If you use a SLAC-owned, centrally managed device to connect to VPN, you will most likely be granted access with no issues. If your SLAC-owned device is denied access, contact the IT Service Desk (see contact info below) for assistance.
If you use a personally owned device, and that device meets the minimum requirements for using the VPN, then you will be allowed in. If, however, your device does not meet the requirements for OS version, virus control, and other security measures, you will be denied access to the VPN. You are responsible for updating your personally owned device.
If you use a device provided by an institution other than SLAC or Stanford, contact that institution for assistance.
If you are denied access, the following options are available:
- Update the device software so that it is compliant (see Minimum System Requirements below).
- Use Citrix as an alternative method for gaining access to the SLAC systems you need. To request Citrix access, in Service Now, go to the Service Catalog, then select Accounts & Access > Citrix Account Request.
- If you are using a personal or other non-SLAC-owned device, use a SLAC-owned, centrally managed device instead.
- If the device is SLAC-owned, contact the IT Service Desk (see contact info below).
- Minimum System Requirements
The minimum requirements are:
- Antivirus with current signatures (<15 days old)

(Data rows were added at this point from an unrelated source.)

lemma Cauchy_product_sums_bilinear:
  fixes a :: "nat \<Rightarrow> 'a::banach" and b :: "nat \<Rightarrow> 'b::banach"
    and h :: "'a \<Rightarrow> 'b \<Rightarrow> 'c::banach"
  assumes h: "bounded_bilinear h"
    and a: "summable (\<lambda>k. norm (a k))" and b: "summable (\<lambda>k. norm (b k))"
  shows "(\<lambda>k. \<Sum>i\<le>k. h (a i) (b (k - i))) sums h (\<Sum>k. a k) (\<Sum>k. b k)"
proof -
  interpret h: bounded_bilinear h by (fact h)
  obtain K where K: "K > 0" "\<And>x y. norm (h x y) \<le> norm x * norm y * K"
    using h.pos_bounded by blast
  have has_sum_series: "(f has_sum (\<Sum>k. f k)) UNIV" if "summable (\<lambda>k. norm (f k))"
    for f :: "nat \<Rightarrow> 'd::banach"
    using norm_summable_imp_has_sum[OF that summable_sums[OF summable_norm_cancel[OF that]]] .
  let ?g = "\<lambda>(i, j). h (a i) (b j)"
  let ?bound = "\<lambda>(i, j). norm (a i) * norm (b j) * K"
  have "?bound summable_on UNIV \<times> UNIV"
  proof (rule summable_on_SigmaI)
    show "((\<lambda>j. ?bound (i, j)) has_sum norm (a i) * (\<Sum>j. norm (b j)) * K) UNIV" for i
      using has_sum_series[of "\<lambda>j. norm (b j)"] b
      by (simp add: has_sum_cmult_right has_sum_cmult_left)
    show "(\<lambda>i. norm (a i) * (\<Sum>j. norm (b j)) * K) summable_on UNIV"
      using a by (intro summable_on_cmult_left norm_summable_imp_summable_on) simp
    show "0 \<le> ?bound (i, j)" for i j
      using K(1) by simp
  qed
  then have "?g abs_summable_on UNIV \<times> UNIV"
    by (rule Infinite_Sum.abs_summable_on_comparison_test') (simp add: case_prod_beta K(2))
  then have "?g summable_on UNIV \<times> UNIV"
    by (rule abs_summable_summable)
  moreover have "((\<lambda>j. ?g (i, j)) has_sum h (a i) (\<Sum>k. b k)) UNIV" for i
    using has_sum_bounded_linear[OF h.bounded_linear_right has_sum_series[OF b]] by simp
  moreover have "((\<lambda>i. h (a i) (\<Sum>k. b k)) has_sum h (\<Sum>k. a k) (\<Sum>k. b k)) UNIV"
    using has_sum_bounded_linear[OF h.bounded_linear_left has_sum_series[OF a]] .
  ultimately have "(?g has_sum h (\<Sum>k. a k) (\<Sum>k. b k)) (UNIV \<times> UNIV)"
    by (intro has_sum_SigmaI) auto
  \<comment> \<open>Regroup the terms along the anti-diagonals \<open>i + j = k\<close>.\<close>
  also have "?this \<longleftrightarrow> ((\<lambda>(k, i). h (a i) (b (k - i))) has_sum h (\<Sum>k. a k) (\<Sum>k. b k))
      (SIGMA k:UNIV. {..k})"
    by (rule has_sum_reindex_bij_witness[where i = "\<lambda>(k, i). (i, k - i)"
          and j = "\<lambda>(i, j). (i + j, i)"]) auto
  finally show ?thesis
    by (intro has_sum_imp_sums has_sum_SigmaD[where g = "\<lambda>k. \<Sum>i\<le>k. h (a i) (b (k - i))"]) auto
qed

lemma sum_binomial_Pascal:
  fixes F :: "nat \<Rightarrow> nat \<Rightarrow> 'a::real_vector"
  shows "(\<Sum>k\<le>n. real (n choose k) *\<^sub>R (F (Suc k) (n - k) + F k (Suc (n - k)))) =
    (\<Sum>k\<le>Suc n. real (Suc n choose k) *\<^sub>R F k (Suc n - k))"
proof -
  have "(\<Sum>k\<le>n. real (n choose k) *\<^sub>R F k (Suc (n - k))) =
      (\<Sum>k\<le>Suc n. real (n choose k) *\<^sub>R F k (Suc n - k))"
    by (simp add: Suc_diff_le binomial_eq_0)
  also have "\<dots> = F 0 (Suc n) + (\<Sum>k\<le>n. real (n choose Suc k) *\<^sub>R F (Suc k) (n - k))"
    by (subst sum.atMost_Suc_shift) simp
  finally have shifted: "(\<Sum>k\<le>n. real (n choose k) *\<^sub>R F k (Suc (n - k))) =
      F 0 (Suc n) + (\<Sum>k\<le>n. real (n choose Suc k) *\<^sub>R F (Suc k) (n - k))" .
  have "(\<Sum>k\<le>Suc n. real (Suc n choose k) *\<^sub>R F k (Suc n - k)) =
      F 0 (Suc n) + (\<Sum>k\<le>n. real (Suc n choose Suc k) *\<^sub>R F (Suc k) (n - k))"
    by (subst sum.atMost_Suc_shift) simp
  also have "\<dots> = (\<Sum>k\<le>n. real (n choose k) *\<^sub>R F (Suc k) (n - k)) +
      (\<Sum>k\<le>n. real (n choose k) *\<^sub>R F k (Suc (n - k)))"
    by (simp add: shifted scaleR_add_left sum.distrib)
  finally show ?thesis
    by (simp add: scaleR_add_right sum.distrib)
qed

lemma funpow_derivation_Leibniz:
  fixes D\<^sub>3 :: "'c::real_vector \<Rightarrow> 'c"
  assumes "linear D\<^sub>3" and derivation: "\<And>x y. D\<^sub>3 (h x y) = h (D\<^sub>1 x) y + h x (D\<^sub>2 y)"
  shows "(D\<^sub>3 ^^ n) (h x y) =
    (\<Sum>k\<le>n. real (n choose k) *\<^sub>R h ((D\<^sub>1 ^^ k) x) ((D\<^sub>2 ^^ (n - k)) y))"
proof (induction n arbitrary: x y)
  case 0
  then show ?case by simp
next
  case (Suc n)
  have "(D\<^sub>3 ^^ Suc n) (h x y) = (D\<^sub>3 ^^ n) (h (D\<^sub>1 x) y) + (D\<^sub>3 ^^ n) (h x (D\<^sub>2 y))"
    by (simp add: derivation linear_add[OF linear_funpow[OF assms(1)]] funpow_Suc_right
        del: funpow.simps)
  also have "\<dots> = (\<Sum>k\<le>n. real (n choose k) *\<^sub>R
      (h ((D\<^sub>1 ^^ Suc k) x) ((D\<^sub>2 ^^ (n - k)) y) + h ((D\<^sub>1 ^^ k) x) ((D\<^sub>2 ^^ Suc (n - k)) y)))"
    by (simp add: Suc.IH scaleR_add_right sum.distrib funpow_Suc_right del: funpow.simps)
  also have "\<dots> = (\<Sum>k\<le>Suc n. real (Suc n choose k) *\<^sub>R h ((D\<^sub>1 ^^ k) x) ((D\<^sub>2 ^^ (Suc n - k)) y))"
    by (rule sum_binomial_Pascal)
  finally show ?case .
qed

lemma op_exp_derivation:
  fixes h :: "'a::banach \<Rightarrow> 'b::banach \<Rightarrow> 'c::banach"
  assumes h: "bounded_bilinear h"
    and D\<^sub>1: "bounded_linear D\<^sub>1" and D\<^sub>2: "bounded_linear D\<^sub>2" and D\<^sub>3: "linear D\<^sub>3"
    and derivation: "\<And>x y. D\<^sub>3 (h x y) = h (D\<^sub>1 x) y + h x (D\<^sub>2 y)"
  shows "op_exp D\<^sub>3 (h x y) = h (op_exp D\<^sub>1 x) (op_exp D\<^sub>2 y)"
proof -
  interpret h: bounded_bilinear h by (fact h)
  have "(\<lambda>n. \<Sum>k\<le>n. h ((D\<^sub>1 ^^ k) x /\<^sub>R fact k) ((D\<^sub>2 ^^ (n - k)) y /\<^sub>R fact (n - k)))
      sums h (op_exp D\<^sub>1 x) (op_exp D\<^sub>2 y)"
    unfolding op_exp_def
    by (intro Cauchy_product_sums_bilinear h summable_norm_op_exp_series D\<^sub>1 D\<^sub>2)
  moreover have "(D\<^sub>3 ^^ n) (h x y) /\<^sub>R fact n =
      (\<Sum>k\<le>n. h ((D\<^sub>1 ^^ k) x /\<^sub>R fact k) ((D\<^sub>2 ^^ (n - k)) y /\<^sub>R fact (n - k)))" for n
  proof -
    have "(D\<^sub>3 ^^ n) (h x y) /\<^sub>R fact n =
        (\<Sum>k\<le>n. (real (n choose k) / fact n) *\<^sub>R h ((D\<^sub>1 ^^ k) x) ((D\<^sub>2 ^^ (n - k)) y))"
      unfolding funpow_derivation_Leibniz[where h = h and D\<^sub>1 = D\<^sub>1 and D\<^sub>2 = D\<^sub>2, OF D\<^sub>3 derivation]
      by (simp add: scaleR_sum_right divide_inverse_commute)
    also have "\<dots> = (\<Sum>k\<le>n. h ((D\<^sub>1 ^^ k) x /\<^sub>R fact k) ((D\<^sub>2 ^^ (n - k)) y /\<^sub>R fact (n - k)))"
    proof (rule sum.cong)
      fix k
      assume "k \<in> {..n}"
      then have "real (n choose k) / fact n = inverse (fact k) * inverse (fact (n - k))"
        by (simp add: binomial_fact field_simps)
      then show "(real (n choose k) / fact n) *\<^sub>R h ((D\<^sub>1 ^^ k) x) ((D\<^sub>2 ^^ (n - k)) y) =
          h ((D\<^sub>1 ^^ k) x /\<^sub>R fact k) ((D\<^sub>2 ^^ (n - k)) y /\<^sub>R fact (n - k))"
        by (simp add: h.scaleR_left h.scaleR_right)
    qed simp
    finally show ?thesis .
  qed
  ultimately show ?thesis
    unfolding op_exp_def by (simp add: sums_iff)
qed

lemma op_exp_zero: "op_exp (\<lambda>_. 0) x = x"
proof -
  have "(\<lambda>n. ((\<lambda>_. 0) ^^ n) x /\<^sub>R fact n) = (\<lambda>n. if n = 0 then x /\<^sub>R fact n else 0)"
    by (auto simp: fun_eq_iff gr0_conv_Suc)
  then show ?thesis
    using sums_single[of 0 "\<lambda>n. x /\<^sub>R fact n"] by (simp add: op_exp_def sums_iff)
qed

- A current OS version, such as:
- Windows 10
- macOS 10.11 and up
- Android 10 and up
- iOS 13 and up
- Specific Linux versions are being confirmed and will be updated here when available.
- Resources
If you are a SLAC employee and need antivirus software for your home computer, free software provided by SLAC can be downloaded from the Cyber Security Resources page.
- IT Service Desk Contact Information
Phone: (650) 926-4357; Extension: x4357 (xHELP)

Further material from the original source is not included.